Start of Block
lemma B'_iff: "B' p q i j \<longleftrightarrow>
   (i = 0 \<and> 2 \<le> j \<and> j \<le> q+1) \<or> (i = 1 \<and> 2 \<le> j \<and> j \<le> q+1) \<or>
   (i = 0 \<and> q+2 \<le> j \<and> j \<le> p+q+1) \<or> (i = 1 \<and> p+q+2 \<le> j \<and> j \<le> p+q+p+1) \<or>
   (j = 0 \<and> 2 \<le> i \<and> i \<le> q+1) \<or> (j = 1 \<and> 2 \<le> i \<and> i \<le> q+1) \<or>
   (j = 0 \<and> q+2 \<le> i \<and> i \<le> p+q+1) \<or> (j = 1 \<and> p+q+2 \<le> i \<and> i \<le> p+q+p+1) \<or>
   (i = 0 \<and> j = 1) \<or> (i = 1 \<and> j = 0)"
  unfolding binary_star'_edge_def binary_star_edge_def Let_def by (rule iffI; elim disjE; simp)

lemma B'_simple_graph: "simple_graph (2*p+q+2) (B' p q)"
  unfolding simple_graph_def B'_iff by (intro allI impI; elim disjE) simp_all

lemma B'_adj_u: "B' p q 0 j \<longleftrightarrow> 1 \<le> j \<and> j \<le> p+q+1"
  by (simp add: B'_iff; arith)

lemma B'_adj_v: "B' p q 1 j \<longleftrightarrow> j = 0 \<or> (2 \<le> j \<and> j \<le> q+1) \<or> (p+q+2 \<le> j \<and> j \<le> 2*p+q+1)"
  by (simp add: B'_iff; arith)

lemma B'_adj_common: "2 \<le> i \<Longrightarrow> i \<le> q+1 \<Longrightarrow> B' p q i j \<longleftrightarrow> j = 0 \<or> j = 1"
  by (simp add: B'_iff; arith)

lemma B'_adj_u_leaf: "q+2 \<le> i \<Longrightarrow> i \<le> p+q+1 \<Longrightarrow> B' p q i j \<longleftrightarrow> j = 0"
  by (simp add: B'_iff; arith)

lemma B'_adj_v_leaf: "p+q+2 \<le> i \<Longrightarrow> i \<le> 2*p+q+1 \<Longrightarrow> B' p q i j \<longleftrightarrow> j = 1"
  by (simp add: B'_iff; arith)

lemma B'_vertex_cases:
  fixes i p q :: nat
  assumes "i < 2*p+q+2"
  obtains "i = 0" | "i = 1" | "2 \<le> i" "i \<le> q+1" | "q+2 \<le> i" "i \<le> p+q+1"
    | "p+q+2 \<le> i" "i \<le> 2*p+q+1"
  using assms by linarith

lemma B'_neighbours_u: "{j. j < 2*p+q+2 \<and> B' p q 0 j} = {1..p+q+1}"
  unfolding B'_adj_u by auto

lemma B'_neighbours_v:
  "{j. j < 2*p+q+2 \<and> B' p q 1 j} = insert 0 ({2..q+1} \<union> {p+q+2..2*p+q+1})"
  unfolding B'_adj_v by auto

lemma B'_neighbours_common: "2 \<le> i \<Longrightarrow> i \<le> q+1 \<Longrightarrow> {j. j < 2*p+q+2 \<and> B' p q i j} = {0,1}"
  by (auto simp: B'_adj_common)

lemma B'_neighbours_u_leaf: "q+2 \<le> i \<Longrightarrow> i \<le> p+q+1 \<Longrightarrow> {j. j < 2*p+q+2 \<and> B' p q i j} = {0}"
  by (auto simp: B'_adj_u_leaf)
End of Block
- [Exercise goal] Only lines with the string "Longrightarrow" are wanted; please find each one in the listing and copy it.

- [Task answer]
lemma B'_adj_common: "2 \<le> i \<Longrightarrow> i \<le> q+1 \<Longrightarrow> B' p q i j \<longleftrightarrow> j = 0 \<or> j = 1"
lemma B'_adj_u_leaf: "q+2 \<le> i \<Longrightarrow> i \<le> p+q+1 \<Longrightarrow> B' p q i j \<longleftrightarrow> j = 0"
lemma B'_adj_v_leaf: "p+q+2 \<le> i \<Longrightarrow> i \<le> 2*p+q+1 \<Longrightarrow> B' p q i j \<longleftrightarrow> j = 1"
lemma B'_neighbours_common: "2 \<le> i \<Longrightarrow> i \<le> q+1 \<Longrightarrow> {j. j < 2*p+q+2 \<and> B' p q i j} = {0,1}"
lemma B'_neighbours_u_leaf: "q+2 \<le> i \<Longrightarrow> i \<le> p+q+1 \<Longrightarrow> {j. j < 2*p+q+2 \<and> B' p q i j} = {0}"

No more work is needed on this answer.